Vanderlan Wesley B, Zhang Ziying, Abouljoud Marwan S
Department of Surgery, Division of Transplant Surgery and Hepatobiliary Surgery, Henry Ford Hospital, West Grand Boulevard (CFP-2), Detroit, MI 48202, USA.
J Med Case Rep. 2010 Jun 15;4:178. doi: 10.1186/1752-1947-4-178.

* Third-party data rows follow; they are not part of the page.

lemma normal_density_eq_centered: "normal_density \<mu> \<sigma> x = normal_density 0 \<sigma> (x - \<mu>)"
  by (simp add: normal_density_def)

lemma exp_neg_square_shift_le:
  fixes \<sigma> P t :: real and k :: int
  assumes "\<sigma> > 0"
  shows "exp (- (t + P * of_int k)\<^sup>2 / (2 * \<sigma>\<^sup>2))
       \<le> exp (t\<^sup>2 / (2 * \<sigma>\<^sup>2)) * exp (- (P\<^sup>2 / (4 * \<sigma>\<^sup>2)) * \<bar>of_int k\<bar>)"
proof -
  have "\<bar>real_of_int k\<bar> \<le> (real_of_int k)\<^sup>2"
  proof (cases "k = 0")
    case False
    then have "\<bar>real_of_int k\<bar> * 1 \<le> \<bar>real_of_int k\<bar> * \<bar>real_of_int k\<bar>"
      by (intro mult_left_mono) auto
    then show ?thesis
      by (simp add: power2_eq_square abs_mult[symmetric])
  qed simp
  then have "P\<^sup>2 * \<bar>of_int k\<bar> \<le> P\<^sup>2 * (of_int k)\<^sup>2"
    by (intro mult_left_mono) auto
  also have "\<dots> \<le> 2 * ((t + P * of_int k)\<^sup>2 + t\<^sup>2)"
    using zero_le_power2[of "2 * t + P * of_int k"] by (simp add: power2_eq_square algebra_simps)
  finally have "P\<^sup>2 * \<bar>of_int k\<bar> \<le> 2 * ((t + P * of_int k)\<^sup>2 + t\<^sup>2)" .
  then have "- (t + P * of_int k)\<^sup>2 / (2 * \<sigma>\<^sup>2) \<le> t\<^sup>2 / (2 * \<sigma>\<^sup>2) + (- (P\<^sup>2 / (4 * \<sigma>\<^sup>2)) * \<bar>of_int k\<bar>)"
    using assms by (simp add: field_simps)
  then show ?thesis
    by (simp add: exp_add[symmetric])
qed

lemma summable_on_exp_neg_abs_int:
  fixes b :: real
  assumes "b > 0"
  shows "(\<lambda>k::int. exp (- b * \<bar>of_int k\<bar>)) summable_on UNIV"
proof -
  have nat: "(\<lambda>n::nat. exp (- b * real n)) summable_on UNIV"
  proof (rule summable_nonneg_imp_summable_on)
    have "summable (\<lambda>n::nat. exp (- b) ^ n)"
      using assms by (intro summable_geometric) auto
    then show "summable (\<lambda>n::nat. exp (- b * real n))"
      by (simp add: exp_of_nat_mult[symmetric] mult.commute)
  qed auto
  have "(\<lambda>k::int. exp (- b * \<bar>of_int k\<bar>)) summable_on (range int \<union> range (\<lambda>n. - int n))"
    by (intro summable_on_union; subst summable_on_reindex) (use nat in \<open>auto simp: o_def inj_on_def\<close>)
  moreover have "range int \<union> range (\<lambda>n. - int n) = (UNIV :: int set)"
    by (auto intro: int_cases2)
  ultimately show ?thesis
    by simp
qed
(* Let $A$ be a finite-dimensional associative algebra over $K=\mathbb{R}$ or $\mathbb{C}$ with unit $u$, and let $\{\cdot,\cdot\}$ be a quadratic Poisson bracket on $A$ compatible with its multiplication, with dual map $\delta\colon\mathrm{Symm}(A\otimes A)\to A\wedge A$. Then the map $\Delta\colon A\to A\wedge A$, $\Delta(x)=\delta(x\otimes u+u\otimes x)$, is a cocommutator making the Lie algebra $A_L$ into a Lie bialgebra.
   Context: $A_L$ denotes the Lie algebra on the vector space $A$ with bracket $[a,b]=ab-ba$. A quadratic Poisson bracket on $A$ is a Poisson bracket on $C^\infty(A)$ such that the bracket of two linear functions is a homogeneous quadratic function; it is encoded by $\delta^*\colon A^*\wedge A^*\to\mathrm{Sym}^2(A^* )$, $\delta^*(\xi\wedge\eta)=\{\xi,\eta\}$, and $\delta$ is its dual map (identifying $\mathrm{Symm}(A\otimes A)$, the symmetric tensors, with $(\mathrm{Sym}^2A^* )^*$ and $A\wedge A$, the skew-symmetric tensors in $A\otimes A$, with $(A^*\wedge A^* )^*$). Compatibility with the multiplication means that the multiplication map $A\times A\to A$ is a Poisson map when $A\times A$ carries the product Poisson structure. A Lie bialgebra structure on a Lie algebra $L$ is a linear map $\Delta\colon L\to L\wedge L$ which is a 1-cocycle with respect to the adjoint action and whose dual $\Delta^*\colon L^*\wedge L^*\to L^*$ is a Lie bracket. *)

theory Defs
  imports Complex_Main
begin

text \<open>A finite-dimensional algebra A over K is represented as K^n,
  i.e. vectors \<open>'n \<Rightarrow> 'k\<close> for a finite index type \<open>'n\<close> (a basis e_1..e_n).
  Tensors in A \<otimes> A are \<open>'n \<Rightarrow> 'n \<Rightarrow> 'k\<close> (coefficients w.r.t. e_i \<otimes> e_j).
  Dual vectors (elements of A^*) are likewise \<open>'n \<Rightarrow> 'k\<close> (coefficients w.r.t. the
  dual basis x_1..x_n, i.e. the linear coordinate functions).\<close>

definition bvec :: "'n \<Rightarrow> 'n \<Rightarrow> 'k::comm_ring_1" where
  "bvec a = (\<lambda>i. if i = a then 1 else 0)"

definition amul :: "('n::finite \<Rightarrow> 'n \<Rightarrow> 'n \<Rightarrow> 'k::comm_ring_1) \<Rightarrow> ('n \<Rightarrow> 'k) \<Rightarrow> ('n \<Rightarrow> 'k) \<Rightarrow> ('n \<Rightarrow> 'k)" where
  "amul c x y = (\<lambda>k. \<Sum>i\<in>UNIV. \<Sum>j\<in>UNIV. x i * y j * c i j k)"

definition unital_assoc_algebra :: "('n::finite \<Rightarrow> 'n \<Rightarrow> 'n \<Rightarrow> 'k::comm_ring_1) \<Rightarrow> ('n \<Rightarrow> 'k) \<Rightarrow> bool" where
  "unital_assoc_algebra c u \<longleftrightarrow>
     (\<forall>x y z. amul c (amul c x y) z = amul c x (amul c y z)) \<and>
     (\<forall>x. amul c u x = x \<and> amul c x u = x)"

definition commutator :: "('n::finite \<Rightarrow> 'n \<Rightarrow> 'n \<Rightarrow> 'k::comm_ring_1) \<Rightarrow> ('n \<Rightarrow> 'k) \<Rightarrow> ('n \<Rightarrow> 'k) \<Rightarrow> ('n \<Rightarrow> 'k)" where
  "commutator c x y = (\<lambda>k. amul c x y k - amul c y x k)"

text \<open>A quadratic bracket is given by P: {x_i, x_j} = sum_{k,l} P i j k l x_k x_l,
  with P i j a symmetric tensor (an element of Sym^2(A^*)), i.e. P symmetric in k,l.
  \<open>qpi P a i j\<close> is the value of {x_i,x_j} at the point a (the Poisson bivector at a),
  \<open>dqpi P a i j m\<close> its partial derivative along x_m at a.\<close>
definition qpi :: "('n::finite \<Rightarrow> 'n \<Rightarrow> 'n \<Rightarrow> 'n \<Rightarrow> 'k::comm_ring_1) \<Rightarrow> ('n \<Rightarrow> 'k) \<Rightarrow> 'n \<Rightarrow> 'n \<Rightarrow> 'k" where
  "qpi P a i j = (\<Sum>k\<in>UNIV. \<Sum>l\<in>UNIV. P i j k l * a k * a l)"

definition dqpi :: "('n::finite \<Rightarrow> 'n \<Rightarrow> 'n \<Rightarrow> 'n \<Rightarrow> 'k::comm_ring_1) \<Rightarrow> ('n \<Rightarrow> 'k) \<Rightarrow> 'n \<Rightarrow> 'n \<Rightarrow> 'n \<Rightarrow> 'k" where
  "dqpi P a i j m = (\<Sum>l\<in>UNIV. (P i j m l + P i j l m) * a l)"

text \<open>A Poisson bracket on smooth functions is determined by its bivector
  pi_{ij} = {x_i,x_j}, and the Jacobi identity holds for all functions iff
  sum_m (pi_{im} d_m pi_{jk} + cyclic) = 0 identically.\<close>
definition quadratic_poisson :: "('n::finite \<Rightarrow> 'n \<Rightarrow> 'n \<Rightarrow> 'n \<Rightarrow> 'k::comm_ring_1) \<Rightarrow> bool" where
  "quadratic_poisson P \<longleftrightarrow>
     (\<forall>i j k l. P i j k l = P i j l k) \<and>
     (\<forall>i j k l. P i j k l = - P j i k l) \<and>
     (\<forall>a i j k. (\<Sum>m\<in>UNIV. qpi P a i m * dqpi P a j k m
                         + qpi P a j m * dqpi P a k i m
                         + qpi P a k m * dqpi P a i j m) = 0)"

text \<open>Compatibility: multiplication A \<times> A \<rightarrow> A is a Poisson map (product structure on A \<times> A).
  Pulling back x_k, x_l along m and using d_{a_i}(ab) = e_i b, d_{b_j}(ab) = a e_j.\<close>
definition poisson_compatible :: "('n::finite \<Rightarrow> 'n \<Rightarrow> 'n \<Rightarrow> 'k::comm_ring_1) \<Rightarrow> ('n \<Rightarrow> 'n \<Rightarrow> 'n \<Rightarrow> 'n \<Rightarrow> 'k) \<Rightarrow> bool" where
  "poisson_compatible c P \<longleftrightarrow>
     (\<forall>a b k l. qpi P (amul c a b) k l =
        (\<Sum>i\<in>UNIV. \<Sum>j\<in>UNIV. qpi P a i j * amul c (bvec i) b k * amul c (bvec j) b l)
      + (\<Sum>i\<in>UNIV. \<Sum>j\<in>UNIV. qpi P b i j * amul c a (bvec i) k * amul c a (bvec j) l))"

text \<open>The dual map delta : Symm(A \<otimes> A) \<rightarrow> A \<wedge> A of delta^*(x_i \<wedge> x_j) = {x_i,x_j},
  (pairings by full contraction of coefficients).\<close>
definition pdelta :: "('n::finite \<Rightarrow> 'n \<Rightarrow> 'n \<Rightarrow> 'n \<Rightarrow> 'k::comm_ring_1) \<Rightarrow> ('n \<Rightarrow> 'n \<Rightarrow> 'k) \<Rightarrow> ('n \<Rightarrow> 'n \<Rightarrow> 'k)" where
  "pdelta P T = (\<lambda>i j. \<Sum>k\<in>UNIV. \<Sum>l\<in>UNIV. P i j k l * T k l)"

definition cocomm :: "('n::finite \<Rightarrow> 'n \<Rightarrow> 'n \<Rightarrow> 'n \<Rightarrow> 'k::comm_ring_1) \<Rightarrow> ('n \<Rightarrow> 'k) \<Rightarrow> ('n \<Rightarrow> 'k) \<Rightarrow> ('n \<Rightarrow> 'n \<Rightarrow> 'k)" where
  "cocomm P u x = pdelta P (\<lambda>k l. x k * u l + u k * x l)"

definition lie_bracket :: "(('n::finite \<Rightarrow> 'k::comm_ring_1) \<Rightarrow> ('n \<Rightarrow> 'k) \<Rightarrow> ('n \<Rightarrow> 'k)) \<Rightarrow> bool" where
  "lie_bracket B \<longleftrightarrow>
     (\<forall>x y z. B (\<lambda>i. x i + y i) z = (\<lambda>i. B x z i + B y z i)) \<and>
     (\<forall>x y z. B z (\<lambda>i. x i + y i) = (\<lambda>i. B z x i + B z y i)) \<and>
     (\<forall>s x y. B (\<lambda>i. s * x i) y = (\<lambda>i. s * B x y i)) \<and>
     (\<forall>s x y. B y (\<lambda>i. s * x i) = (\<lambda>i. s * B y x i)) \<and>
     (\<forall>x. B x x = (\<lambda>i. 0)) \<and>
     (\<forall>x y z. (\<lambda>i. B x (B y z) i + B y (B z x) i + B z (B x y) i) = (\<lambda>i. 0))"

text \<open>Adjoint action of x on A \<otimes> A: x.(a \<otimes> b) = [x,a] \<otimes> b + a \<otimes> [x,b].\<close>
definition ad2 :: "(('n::finite \<Rightarrow> 'k::comm_ring_1) \<Rightarrow> ('n \<Rightarrow> 'k) \<Rightarrow> ('n \<Rightarrow> 'k)) \<Rightarrow> ('n \<Rightarrow> 'k) \<Rightarrow> ('n \<Rightarrow> 'n \<Rightarrow> 'k) \<Rightarrow> ('n \<Rightarrow> 'n \<Rightarrow> 'k)" where
  "ad2 B x T = (\<lambda>i j. (\<Sum>a\<in>UNIV. T a j * B x (bvec a) i) + (\<Sum>b\<in>UNIV. T i b * B x (bvec b) j))"

text \<open>Dual map Delta^* : A^* \<wedge> A^* \<rightarrow> A^*, <Delta^*(xi,eta), x> = <xi \<otimes> eta, Delta x>.\<close>
definition dual_bracket :: "(('n::finite \<Rightarrow> 'k::comm_ring_1) \<Rightarrow> ('n \<Rightarrow> 'n \<Rightarrow> 'k)) \<Rightarrow> ('n \<Rightarrow> 'k) \<Rightarrow> ('n \<Rightarrow> 'k) \<Rightarrow> ('n \<Rightarrow> 'k)" where
  "dual_bracket D xi eta = (\<lambda>k. \<Sum>i\<in>UNIV. \<Sum>j\<in>UNIV. xi i * eta j * D (bvec k) i j)"

definition lie_bialgebra :: "(('n::finite \<Rightarrow> 'k::comm_ring_1) \<Rightarrow> ('n \<Rightarrow> 'k) \<Rightarrow> ('n \<Rightarrow> 'k)) \<Rightarrow> (('n \<Rightarrow> 'k) \<Rightarrow> ('n \<Rightarrow> 'n \<Rightarrow> 'k)) \<Rightarrow> bool" where
  "lie_bialgebra B D \<longleftrightarrow>
     lie_bracket B \<and>
     (\<forall>x y. D (\<lambda>i. x i + y i) = (\<lambda>i j. D x i j + D y i j)) \<and>
     (\<forall>s x. D (\<lambda>i. s * x i) = (\<lambda>i j. s * D x i j)) \<and>
     (\<forall>x i j. D x i j = - D x j i) \<and>
     (\<forall>x y. D (B x y) = (\<lambda>i j. ad2 B x (D y) i j - ad2 B y (D x) i j)) \<and>
     lie_bracket (dual_bracket D)"

end

theory Submission
  imports Defs "HOL-Library.Function_Algebras"
begin

(* Write \<pi>(a) = qpi P a for the Poisson bivector at a \<in> A. Compatibility says
   \<pi>(ab) = (r_b \<otimes> r_b) \<pi>(a) + (l_a \<otimes> l_a) \<pi>(b); at a = b = u it gives \<pi>(u) = 0, and \<Delta>(x) is
   the derivative of \<pi> at u in the direction x. Hence \<Delta>\<^sup>* is the linearisation of the
   Poisson bracket at its zero u, and the Jacobi identity for \<Delta>\<^sup>* is the first-order part of
   the Jacobi identity for \<pi> at u + t v. Differentiating compatibility at (u, u) in the
   directions (x, y) gives
     \<Delta>(xy) + S(x, y) = (r_y \<otimes> 1 + 1 \<otimes> r_y) \<Delta>(x) + (l_x \<otimes> 1 + 1 \<otimes> l_x) \<Delta>(y)
   with S symmetric in x and y; antisymmetrising in x, y yields the cocycle condition.
   Derivatives are replaced by finite differences of polynomials, so the field must have
   characteristic 0. *)

definition qpi_bilin :: "('n::finite \<Rightarrow> 'n \<Rightarrow> 'n \<Rightarrow> 'n \<Rightarrow> 'k::comm_ring_1) \<Rightarrow> ('n \<Rightarrow> 'k) \<Rightarrow> ('n \<Rightarrow> 'k)
    \<Rightarrow> ('n \<Rightarrow> 'n \<Rightarrow> 'k)" where
  "qpi_bilin P x y = (\<lambda>i j. \<Sum>k\<in>UNIV. \<Sum>l\<in>UNIV. P i j k l * x k * y l)"

definition rmul_tensor :: "('n::finite \<Rightarrow> 'n \<Rightarrow> 'n \<Rightarrow> 'k::comm_ring_1) \<Rightarrow> ('n \<Rightarrow> 'k) \<Rightarrow> ('n \<Rightarrow> 'k)
    \<Rightarrow> ('n \<Rightarrow> 'n \<Rightarrow> 'k) \<Rightarrow> ('n \<Rightarrow> 'n \<Rightarrow> 'k)" where
  "rmul_tensor c b b' T =
     (\<lambda>k l. \<Sum>i\<in>UNIV. \<Sum>j\<in>UNIV. T i j * amul c (bvec i) b k * amul c (bvec j) b' l)"

definition lmul_tensor :: "('n::finite \<Rightarrow> 'n \<Rightarrow> 'n \<Rightarrow> 'k::comm_ring_1) \<Rightarrow> ('n \<Rightarrow> 'k) \<Rightarrow> ('n \<Rightarrow> 'k)
    \<Rightarrow> ('n \<Rightarrow> 'n \<Rightarrow> 'k) \<Rightarrow> ('n \<Rightarrow> 'n \<Rightarrow> 'k)" where
  "lmul_tensor c a a' T =
     (\<lambda>k l. \<Sum>i\<in>UNIV. \<Sum>j\<in>UNIV. T i j * amul c a (bvec i) k * amul c a' (bvec j) l)"

lemma sum_bvec_mult:
  fixes f :: "'n::finite \<Rightarrow> 'k::comm_ring_1"
  shows "(\<Sum>i\<in>UNIV. f i * bvec i k) = f k"
    and "(\<Sum>i\<in>UNIV. f i * bvec k i) = f k"
    and "(\<Sum>i\<in>UNIV. bvec i k * f i) = f k"
    and "(\<Sum>i\<in>UNIV. bvec k i * f i) = f k"
  by (simp_all add: bvec_def if_distrib[where f="\<lambda>x. f _ * x"] if_distrib[where f="\<lambda>x. x * f _"]
      cong: if_cong)

lemma sum_sum_bvec_left:
  fixes T :: "'n::finite \<Rightarrow> 'n \<Rightarrow> 'k::comm_ring_1"
  shows "(\<Sum>a\<in>UNIV. \<Sum>b\<in>UNIV. T a b * bvec a i * g b) = (\<Sum>b\<in>UNIV. T i b * g b)"
proof -
  have "(\<Sum>a\<in>UNIV. \<Sum>b\<in>UNIV. T a b * bvec a i * g b)
      = (\<Sum>b\<in>UNIV. \<Sum>a\<in>UNIV. (T a b * g b) * bvec a i)"
    by (subst sum.swap) (simp add: mult_ac)
  then show ?thesis by (simp only: sum_bvec_mult)
qed

lemma sum_rotate3:
  "(\<Sum>a\<in>UNIV. \<Sum>b\<in>UNIV. \<Sum>c\<in>UNIV. f a b c) = (\<Sum>c\<in>UNIV. \<Sum>a\<in>UNIV. \<Sum>b\<in>UNIV. f a b c)"
  by (subst sum.swap) (rule sum.cong[OF refl], rule sum.swap)

lemma amul_add:
  "amul c (x + y) z = amul c x z + amul c y z"
  "amul c z (x + y) = amul c z x + amul c z y"
  by (simp_all add: amul_def fun_eq_iff algebra_simps sum.distrib)

lemma amul_diff:
  "amul c (x - y) z = amul c x z - amul c y z"
  "amul c z (x - y) = amul c z x - amul c z y"
  by (simp_all add: amul_def fun_eq_iff algebra_simps sum_subtractf)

This case report demonstrates that the differential immunohistochemical reactivities of Siemens' Double Antibody Glucagon compared to DakoCytomation's Polyclonal Rabbit Anti-Human Glucagon allow for pathologic distinction of enteral versus pancreatic glucagonoma.
A 64-year-old Caucasian man was diagnosed with a duodenal enteroglucagonoma following presentation with obstructive jaundice. He had a low serum glucagon level using Siemens' Double Antibody Glucagon, a clinical syndrome consistent with glucagon hypersecretion. A periampullary mass biopsy proved to be a neuroendocrine tumor, with positive immunohistochemical reactivity to DakoCytomation's Polyclonal Rabbit Anti-Human Glucagon.
Differential comparison of the immunohistochemical reactivities of Siemens' Double Antibody Glucagon and DakoCytomation's Polyclonal Rabbit Anti-Human Glucagon discerns enteroglucagon from pancreatic glucagon.
本病例报告表明,与达科公司的兔抗人胰高血糖素多克隆抗体相比,西门子双抗体胰高血糖素的免疫组化反应性差异有助于区分肠道与胰腺来源的胰高血糖素瘤。
一名64岁的白种男性因出现梗阻性黄疸被诊断为十二指肠肠胰高血糖素瘤。使用西门子双抗体胰高血糖素检测时,其血清胰高血糖素水平较低,临床综合征与胰高血糖素分泌过多相符。壶腹周围肿物活检证实为神经内分泌肿瘤,对达科公司的兔抗人胰高血糖素多克隆抗体免疫组化反应呈阳性。
比较西门子双抗体胰高血糖素和达科公司的兔抗人胰高血糖素多克隆抗体的免疫组化反应性差异,可区分肠胰高血糖素与胰腺胰高血糖素。